What is being asked: Nothing but an exact copy is wanted: the line with "using eventually_Psi_set_ge[OF U]" and each line after it in the data below, last line included.

[Stored items]
lemma eventually_relative_error_le:
  fixes U \<delta> :: real
  assumes EH: "\<And>\<epsilon>::real. \<epsilon> > 0 \<Longrightarrow>
     (\<lambda>x::real. \<Sum>d\<in>{1..nat \<lfloor>x powr (1 - \<epsilon>)\<rfloor>}.
         \<bar>real (prime_pi_ap x d) - real (prime_pi x) / real (totient d)\<bar>)
       \<in> o[at_top](\<lambda>x. real (prime_pi x))"
    and U: "U \<ge> 1" and "\<delta> > 0"
  shows "eventually (\<lambda>x. \<forall>P. {p. prime p \<and> real p \<le> x powr (1/U)} \<subseteq> P \<longrightarrow>
           \<bar>(real (prime_pi_set x P) / real (prime_pi x)) / (real (Psi_set x P) / x) - 1\<bar> \<le> \<delta>) at_top"
proof -
  obtain c where c: "c > 0" and Psi: "eventually (\<lambda>x. \<forall>P. {p. prime p \<and> real p \<le> x powr (1/U)} \<subseteq> P \<longrightarrow>
      real (Psi_set x P) \<ge> c * x) at_top"
    using eventually_Psi_set_ge[OF U] by blast
  have "eventually (\<lambda>x. \<forall>P. {p. prime p \<and> real p \<le> x powr (1/U)} \<subseteq> P \<longrightarrow>
      \<bar>real (prime_pi_set x P) / real (prime_pi x) - real (Psi_set x P) / x\<bar> \<le> \<delta> * c) at_top"
    using \<open>\<delta> > 0\<close> c by (intro eventually_prime_pi_set_close[OF EH U] mult_pos_pos)
  with Psi eventually_gt_at_top[of "0::real"] show ?thesis
  proof eventually_elim
    case (elim x)
    then have "c \<le> real (Psi_set x P) / x" if "{p. prime p \<and> real p \<le> x powr (1/U)} \<subseteq> P" for P
      using that by (simp add: le_divide_eq)
    with elim c show ?case by (blast intro: abs_divide_minus_one_le)
  qed
qed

Solution to the exercise:
    using eventually_Psi_set_ge[OF U] by blast
  have "eventually (\<lambda>x. \<forall>P. {p. prime p \<and> real p \<le> x powr (1/U)} \<subseteq> P \<longrightarrow>
      \<bar>real (prime_pi_set x P) / real (prime_pi x) - real (Psi_set x P) / x\<bar> \<le> \<delta> * c) at_top"
    using \<open>\<delta> > 0\<close> c by (intro eventually_prime_pi_set_close[OF EH U] mult_pos_pos)
  with Psi eventually_gt_at_top[of "0::real"] show ?thesis
  proof eventually_elim
    case (elim x)
    then have "c \<le> real (Psi_set x P) / x" if "{p. prime p \<and> real p \<le> x powr (1/U)} \<subseteq> P" for P
      using that by (simp add: le_divide_eq)
    with elim c show ?case by (blast intro: abs_divide_minus_one_le)
  qed
qed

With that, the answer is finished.